#### Supplied data ####

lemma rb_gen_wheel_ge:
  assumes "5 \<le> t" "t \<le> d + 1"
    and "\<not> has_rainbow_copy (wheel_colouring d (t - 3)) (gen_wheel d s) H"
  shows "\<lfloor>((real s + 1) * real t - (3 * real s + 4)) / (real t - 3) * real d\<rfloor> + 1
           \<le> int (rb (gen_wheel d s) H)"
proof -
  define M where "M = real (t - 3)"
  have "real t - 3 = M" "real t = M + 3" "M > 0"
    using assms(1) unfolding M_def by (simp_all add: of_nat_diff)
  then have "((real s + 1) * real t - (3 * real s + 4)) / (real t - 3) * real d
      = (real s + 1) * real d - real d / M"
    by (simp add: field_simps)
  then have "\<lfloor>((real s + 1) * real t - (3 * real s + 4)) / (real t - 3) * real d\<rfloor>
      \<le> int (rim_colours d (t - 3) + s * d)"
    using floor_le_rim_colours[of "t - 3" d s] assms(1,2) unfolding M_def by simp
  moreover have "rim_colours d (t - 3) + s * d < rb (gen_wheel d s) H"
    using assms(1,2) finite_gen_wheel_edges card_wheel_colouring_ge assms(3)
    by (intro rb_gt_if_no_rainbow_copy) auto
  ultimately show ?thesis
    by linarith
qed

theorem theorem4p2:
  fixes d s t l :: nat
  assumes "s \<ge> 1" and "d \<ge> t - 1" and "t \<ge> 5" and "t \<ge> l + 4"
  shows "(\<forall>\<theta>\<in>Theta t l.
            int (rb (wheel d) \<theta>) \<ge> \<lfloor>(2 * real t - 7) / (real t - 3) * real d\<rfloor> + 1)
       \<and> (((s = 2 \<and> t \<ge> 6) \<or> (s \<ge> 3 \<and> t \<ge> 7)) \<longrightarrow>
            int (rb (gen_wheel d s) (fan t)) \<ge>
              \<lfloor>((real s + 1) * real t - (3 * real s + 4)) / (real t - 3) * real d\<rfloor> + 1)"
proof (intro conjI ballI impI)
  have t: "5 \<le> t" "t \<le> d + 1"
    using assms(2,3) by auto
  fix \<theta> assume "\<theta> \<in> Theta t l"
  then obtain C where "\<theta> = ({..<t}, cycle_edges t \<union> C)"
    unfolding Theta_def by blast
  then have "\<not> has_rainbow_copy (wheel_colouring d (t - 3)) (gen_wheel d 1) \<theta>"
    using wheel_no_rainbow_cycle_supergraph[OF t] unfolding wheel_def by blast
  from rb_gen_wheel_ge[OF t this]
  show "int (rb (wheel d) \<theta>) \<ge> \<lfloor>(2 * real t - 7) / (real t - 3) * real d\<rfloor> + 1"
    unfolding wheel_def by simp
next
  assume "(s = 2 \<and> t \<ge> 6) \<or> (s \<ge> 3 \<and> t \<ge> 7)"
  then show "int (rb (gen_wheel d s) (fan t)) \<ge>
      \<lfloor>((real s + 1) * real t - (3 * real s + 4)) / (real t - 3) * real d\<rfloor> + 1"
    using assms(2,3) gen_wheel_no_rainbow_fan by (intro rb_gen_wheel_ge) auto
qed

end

####

→ Problem statement:
Search the entries for the string "intro" and copy each line where it occurs.

→ Task solution:
    by (intro rb_gt_if_no_rainbow_copy) auto
proof (intro conjI ballI impI)
    using assms(2,3) gen_wheel_no_rainbow_fan by (intro rb_gen_wheel_ge) auto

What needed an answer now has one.